Secondo il meteorologo di iLMeteo.it Lorenzo Tedici, a Nord le temperature torneranno a stare nella norma, senza più caldi o freddi estremi, con massime sui 30-31°C anche sul medio versante adriatico. Tuttavia, sulle coste del tirreno del Centro si registreranno ancora temperature di 35-36°C, e in gran parte del Sud (in particolare Calabria, Sicilia e Sardegna) la temperatura viaggerà ancora attorno ai 40°C.

In arrivo l’altro fenomeno climatico estremo: i temporali

Questo graduale abbassamento delle temperature è dovuto all’arrivo di aria fresca proveniente dalla Norvegia, che però porta con sé brutte sorprese. Infatti, l’unione tra le correnti fresche e il calore estremo e alti tassi di umidità preesistenti causerà fenomeni climatici estremi, come i forti temporali manifestatosi nel Nord-Est del Paese e in Lombardia negli ultimi giorni, caratterizzati da potenti gradinate. 

Nelle prossime 24 ore, il rischio di forti tempeste si sposterà dal Nord verso il Centro, prima sul lato adriatico e poi, a fine settimana, anche sull’estremo Meridione. Torneremo dunque ad avere un clima più vivibile, con minime sotto i 20°C e massime sotto i 30°C nelle zone più fresche ed arieggiate. 

Temperature ancora elevate: ecco perché

Secondo i meteorologi, almeno fino a fine mese, non si registrerà una quarta ondata di caldo africano. Tuttavia, ciò che spaventa di più è che le temperature si aggireranno comunque intorno ai 33°C al Nord, ai 34-35°C al Centro e ai 36-37°C al Sud.

Questi dati sono una chiara ed evidente testimonianza del cambiamento climatico al quale stiamo andando incontro. Le temperature estive che oggi consideriamo essere “nella norma”  sono di ben 4 gradi superiori alle temperature medie di 50 anni fa. Il che fa pensare ai livelli che raggiungeremo in un prossimo futuro. 

Le previsioni per i prossimi giorni

Nei prossimi giorni il quadro meteorologico si manterrà piuttosto dinamico, con condizioni molto diverse tra le varie aree della penisola/del territorio. Martedì 21 il Nord sarà colpito da temporali sparsi, localmente accompagnati da grandinate, mentre al Centro i fenomeni si concentreranno soprattutto lungo le regioni adriatiche.
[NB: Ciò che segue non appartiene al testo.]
lemma sum_signed_chains_above_eq_chi:
  assumes "is_asc G"
  shows "(\<Sum>m \<in> G. signed_chains (\<subseteq>) {y \<in> G. m \<subset> y}) = chi G"
proof -
  let ?h = "\<lambda>m. signed_chains (\<subseteq>) {y \<in> G. m \<subset> y}"
  have fin: "finite G"
    using assms by (simp add: is_asc_def)
  have "(\<Sum>m \<in> G. ?h m) = (\<Sum>m \<in> G. \<Sum>x | x \<in> G \<and> x \<subseteq> m. omega x * ?h m)"
  proof (intro sum.cong refl)
    fix m assume m: "m \<in> G"
    then have "finite m" "m \<noteq> {}"
      using assms by (auto simp: is_asc_def)
    then have "(\<Sum>x | x \<in> G \<and> x \<subseteq> m. omega x) = 1"
      using asc_faces_below[OF assms m] sum_omega_nonempty_subsets by simp
    then show "?h m = (\<Sum>x | x \<in> G \<and> x \<subseteq> m. omega x * ?h m)"
      by (simp flip: sum_distrib_right)
  qed
  also have "\<dots> = (\<Sum>x \<in> G. \<Sum>m | m \<in> G \<and> x \<subseteq> m. omega x * ?h m)"
    by (rule sum.swap_restrict[OF fin fin])
  also have "\<dots> = (\<Sum>x \<in> G. omega x)"
  proof (intro sum.cong refl)
    fix x assume "x \<in> G"
    then have "(\<Sum>m | m \<in> G \<and> x \<subseteq> m. ?h m) = 1"
      using fin by (rule order.sum_signed_chains_above[rotated])
    then show "(\<Sum>m | m \<in> G \<and> x \<subseteq> m. omega x * ?h m) = omega x"
      by (simp flip: sum_distrib_left)
  qed
  finally show ?thesis
    by (simp add: chi_def)
qed
(* In the homogeneous UAV Persistent Service model (all displacement times equal to $g>0$, $2g<f$, $c\ge0$), every schedule that keeps each of the $N$ locations covered at every time $t\ge 0$ uses at least $$M=N+\left\lceil\frac{c+2g}{f-2g}\,N\right\rceil$$ UAVs. Consequently (together with the feasibility of HoRR with this many UAVs) this $M$ is exactly the minimum fleet size for persistent coverage.
   Context: UAV Persistent Service model: there is a single recharging station (RS) and a finite set $\mathcal N$ of $N$ aerial locations, served by identical UAVs. A UAV with a full battery can fly for at most $f>0$ time units; replacing/recharging its battery at the RS takes $c\ge0$ time units. Flying between the RS and location $i$ takes $g_i>0$ time units (here $g_i=g$ for all $i$), with $2g_i<f$. A UAV's activity consists of sorties: it leaves the RS fully charged, flies to one location, stays there (covering it), and flies back to the RS, the total airborne time of the sortie being at most $f$; back at the RS it spends $c$ time units recharging (possibly followed by idle time) before its next sortie. At time $0$ each UAV is fully charged, either at the RS or at a location. A location is covered at time $t$ if some UAV is present there at time $t$; a schedule is feasible if all locations are covered at all times $t\ge0$. HoRR schedule: with $x=\frac{f-2g}{N}$, initially one fully charged UAV at each location, the others fully charged at the RS; for $k=1,2,\dots$ a backup leaves the RS at time $kx-g$ and at time $kx$ replaces the serving UAV with least remaining energy, which returns to the RS, recharges and becomes a backup. *)

theory Defs
  imports Complex_Main
begin
lemma point_evals_have_cluster_point:
  assumes "H \<subseteq> Hinf J" "G \<noteq> bot" "eventually (\<lambda>p. p \<in> point_eval H ` B) G"
  shows "\<exists>\<tau>. inf (nhds \<tau>) G \<noteq> bot"
proof -
  have "\<forall>h\<in>H. \<exists>b. \<forall>y\<in>B. norm (h y) \<le> b"
    using assms(1) unfolding Hinf_def bounded_iff by blast
  then obtain bd where bd: "\<And>h y. h \<in> H \<Longrightarrow> y \<in> B \<Longrightarrow> norm (h y) \<le> bd h"
    by metis
  define K where "K = PiE UNIV (\<lambda>h. cball (0::complex) (if h \<in> H then bd h else 0))"
  have "compactin (product_topology (\<lambda>_. euclidean) UNIV) K"
    unfolding K_def by (simp add: compactin_PiE)
  then have "compact K" by (simp add: euclidean_product_topology)
  moreover have "point_eval H ` B \<subseteq> K"
    using bd by (auto simp: K_def point_eval_def)
  ultimately show ?thesis
    using assms(2,3) unfolding compact_filter by (metis (mono_tags, lifting) eventually_mono subsetD)
qed

lemma cluster_point_of_point_evals_in_spectrum:
  assumes "uniform_algebra J H" "inf (nhds \<tau>) G \<noteq> bot"
    and "eventually (\<lambda>p. p \<in> point_eval H ` B) G"
  shows "\<tau> \<in> spectrum_alg H"
proof -
  have closed_eq: "\<tau> \<in> {p. l p = r p}"
    if "continuous_on UNIV l" "continuous_on UNIV r" "\<And>y. y \<in> B \<Longrightarrow> l (point_eval H y) = r (point_eval H y)"
    for l r :: "(('a \<Rightarrow> complex) \<Rightarrow> complex) \<Rightarrow> complex"
    using assms(3) that
    by (intro cluster_point_mem_closed[OF assms(2) closed_Collect_eq]) (auto elim!: eventually_mono)
  have H: "\<forall>f\<in>H. \<forall>g\<in>H. (\<lambda>x. f x + g x) \<in> H \<and> (\<lambda>x. f x * g x) \<in> H"
    "\<forall>c. \<forall>f\<in>H. (\<lambda>x. c * f x) \<in> H" "(\<lambda>x. 1) \<in> H"
    using assms(1) unfolding uniform_algebra_def by blast+
  show ?thesis
    unfolding spectrum_alg_def
  proof (intro CollectI conjI ballI allI impI)
    fix g h assume gh: "g \<in> H" "h \<in> H"
    show "\<tau> (\<lambda>x. g x + h x) = \<tau> g + \<tau> h"
      by (rule closed_eq[of "\<lambda>p. p (\<lambda>x. g x + h x)" "\<lambda>p. p g + p h", simplified])
        (use gh H(1) in \<open>auto simp: point_eval_def intro!: continuous_intros\<close>)
    show "\<tau> (\<lambda>x. g x * h x) = \<tau> g * \<tau> h"
      by (rule closed_eq[of "\<lambda>p. p (\<lambda>x. g x * h x)" "\<lambda>p. p g * p h", simplified])
        (use gh H(1) in \<open>auto simp: point_eval_def intro!: continuous_intros\<close>)
  next
    fix c g assume "g \<in> H"
    show "\<tau> (\<lambda>x. c * g x) = c * \<tau> g"
      by (rule closed_eq[of "\<lambda>p. p (\<lambda>x. c * g x)" "\<lambda>p. c * p g", simplified])
        (use \<open>g \<in> H\<close> H(2) in \<open>auto simp: point_eval_def intro!: continuous_intros\<close>)
  next
    show "\<tau> (\<lambda>x. 1) = 1"
      by (rule closed_eq[of "\<lambda>p. p (\<lambda>x. 1)" "\<lambda>p. 1", simplified])
        (use H(3) in \<open>auto simp: point_eval_def\<close>)
  next
    fix g h assume gh: "g \<in> H" "h \<in> H" and "\<forall>x\<in>B. g x = h x"
    show "\<tau> g = \<tau> h"
      by (rule closed_eq[of "\<lambda>p. p g" "\<lambda>p. p h", simplified])
        (use gh \<open>\<forall>x\<in>B. g x = h x\<close> in \<open>auto simp: point_eval_def\<close>)
  qed
qed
Al Sud continuerà invece a dominare il sole, accompagnato da un caldo intenso che potrà raggiungere i 45 °C nelle zone interne di Sicilia e Sardegna. 

Mercoledì 22 il tempo migliorerà al Nord con ampie schiarite, mentre al Centro persisteranno acquazzoni su rilievi e coste adriatiche; al Sud si segnalerà solo una debole e isolata instabilità. 

Giovedì 23 il Nord resterà soleggiato, ma al Centro saranno ancora possibili rovesci, soprattutto lungo l’Appennino e il versante adriatico. Al Sud, invece, verso sera, tuoni e temporali interesseranno inizialmente la Puglia e successivamente la Basilicata. 

Per quanto riguarda la giornata di venerdì e il fine settimana, le temperature rimarranno in linea con le medie del periodo, con nuovi temporali venerdì al Sud e un possibile peggioramento domenica anche sulle regioni del Centro-Nord.